Perhaps being a spark plug runs in Palisa Anderson’s blood. Anderson is the daughter of the late Amy Chanta, who founded the first Chat Thai restaurant in Darlinghurst in 1989 and, as a result, became a pivotal force in introducing unadulterated Thai cooking to the Australian palate. There are now Chat Thai outposts all over Sydney – from Randwick and the CBD up to Chatswood and Manly – but the 2007 opening of the Campbell Street location proved especially transformative for the city’s Thai people.
“Back then, that small pocket between Chinatown and Surry Hills was more isolated than it is now,” Anderson says. “Ours was one of a handful of Thai businesses that conglomerated in the area and attracted a whole lot of other people that saw its potential. You’d build it, and they’d come.”
And come they did. So much so that, in 2013, the Haymarket stretch of Campbell Street and portions of Pitt and Goulburn Streets were officially given a name by the City of Sydney – Thai Town – making it arguably one of only two Thai Towns in the world (the other being in Los Angeles). Two years later, the family opened Boon Café around the corner, fusing traditional Isaan cuisine and East-meets-West creations geared towards a new generation of diners – think bacon-and-egg congee, fried chicken burgers garnished with green papaya salad and pandan coconut chiffon cake.
More than just an all-day eatery, Boon is also home to Jarern Chai, a grocery store packed with Southeast Asian pantry staples, snacks, ready-made meals and specialty certified organic produce from Boon Luck Farm, a 107-acre plot in the Byron Bay Hinterland that Anderson, her husband and two children began tending in 2015.

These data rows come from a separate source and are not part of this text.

definition plane_mat :: "nat \<Rightarrow> nat \<Rightarrow> 'a \<Rightarrow> 'a \<Rightarrow> 'a \<Rightarrow> 'a \<Rightarrow> 'a::comm_ring_1 mat" where
  "plane_mat n k a b c d = mat n n (\<lambda>(i, j).
     if i = 0 then (if j = 0 then a else if j = k then b else 0)
     else if i = k then (if j = 0 then c else if j = k then d else 0)
     else if i = j then 1 else 0)"

lemma plane_mat_carrier [simp]: "plane_mat n k a b c d \<in> carrier_mat n n"
  by (simp add: plane_mat_def)

lemma plane_mat_dims [simp]: "dim_row (plane_mat n k a b c d) = n" "dim_col (plane_mat n k a b c d) = n"
  by (simp_all add: plane_mat_def)

lemma plane_mat_index [simp]:
  "i < n \<Longrightarrow> j < n \<Longrightarrow> plane_mat n k a b c d $$ (i, j) =
    (if i = 0 then (if j = 0 then a else if j = k then b else 0)
     else if i = k then (if j = 0 then c else if j = k then d else 0)
     else if i = j then 1 else 0)"
  by (simp add: plane_mat_def)

lemma plane_mat_row_sum:
  fixes f :: "nat \<Rightarrow> 'a::comm_ring_1"
  assumes k: "0 < k" "k < n" and i: "i < n"
  shows "(\<Sum>l\<in>{0..<n}. plane_mat n k a b c d $$ (i, l) * f l) =
    (if i = 0 then a * f 0 + b * f k else if i = k then c * f 0 + d * f k else f i)"
proof -
  let ?P = "plane_mat n k a b c d"
  have "(\<Sum>l\<in>{0..<n}. ?P $$ (i, l) * f l) =
    (\<Sum>l\<in>{0..<n}. (if l = 0 then ?P $$ (i, 0) * f 0 else 0) + (if l = k then ?P $$ (i, k) * f k else 0) +
                   (if l = i \<and> i \<noteq> 0 \<and> i \<noteq> k then f i else 0))"
    by (rule sum.cong) (use k i in auto)
  also have "\<dots> = ?P $$ (i, 0) * f 0 + ?P $$ (i, k) * f k + (if i \<noteq> 0 \<and> i \<noteq> k then f i else 0)"
    using k i by (simp add: sum.distrib)
  finally show ?thesis
    using k i by auto
qed

lemma plane_mat_mult_index:
  assumes k: "0 < k" "k < n" and Z: "Z \<in> carrier_mat n m" and i: "i < n" and j: "j < m"
  shows "(plane_mat n k a b c d * Z) $$ (i, j) =
    (if i = 0 then a * Z $$ (0, j) + b * Z $$ (k, j)
     else if i = k then c * Z $$ (0, j) + d * Z $$ (k, j) else Z $$ (i, j))"
proof -
  have "(plane_mat n k a b c d * Z) $$ (i, j) = (\<Sum>l\<in>{0..<n}. plane_mat n k a b c d $$ (i, l) * Z $$ (l, j))"
    using Z i j by (auto simp: scalar_prod_def intro!: sum.cong)
  also have "\<dots> = (if i = 0 then a * Z $$ (0, j) + b * Z $$ (k, j)
     else if i = k then c * Z $$ (0, j) + d * Z $$ (k, j) else Z $$ (i, j))"
    by (rule plane_mat_row_sum[OF k i])
  finally show ?thesis .
qed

These days, when she’s not planting green peppercorns or overseeing day-to-day restaurant operations, Anderson continues building on her mother’s legacy as an ambassador for Thai culture, flavours and ingredients. She’s a fixture at the country’s foremost food festivals, including Gourmet Escape and Tasting Australia, and produce from Boon Luck Farm regularly graces the menu at revered restaurants like Quay and Bennelong. Her column in The Guardian has explored everything from the virtues of durian to the joys of keeping bees and her 2020 SBS miniseries, Water Heart Food, provided viewers with an even deeper look at her memories and inspirations alongside some of Australia’s finest chefs.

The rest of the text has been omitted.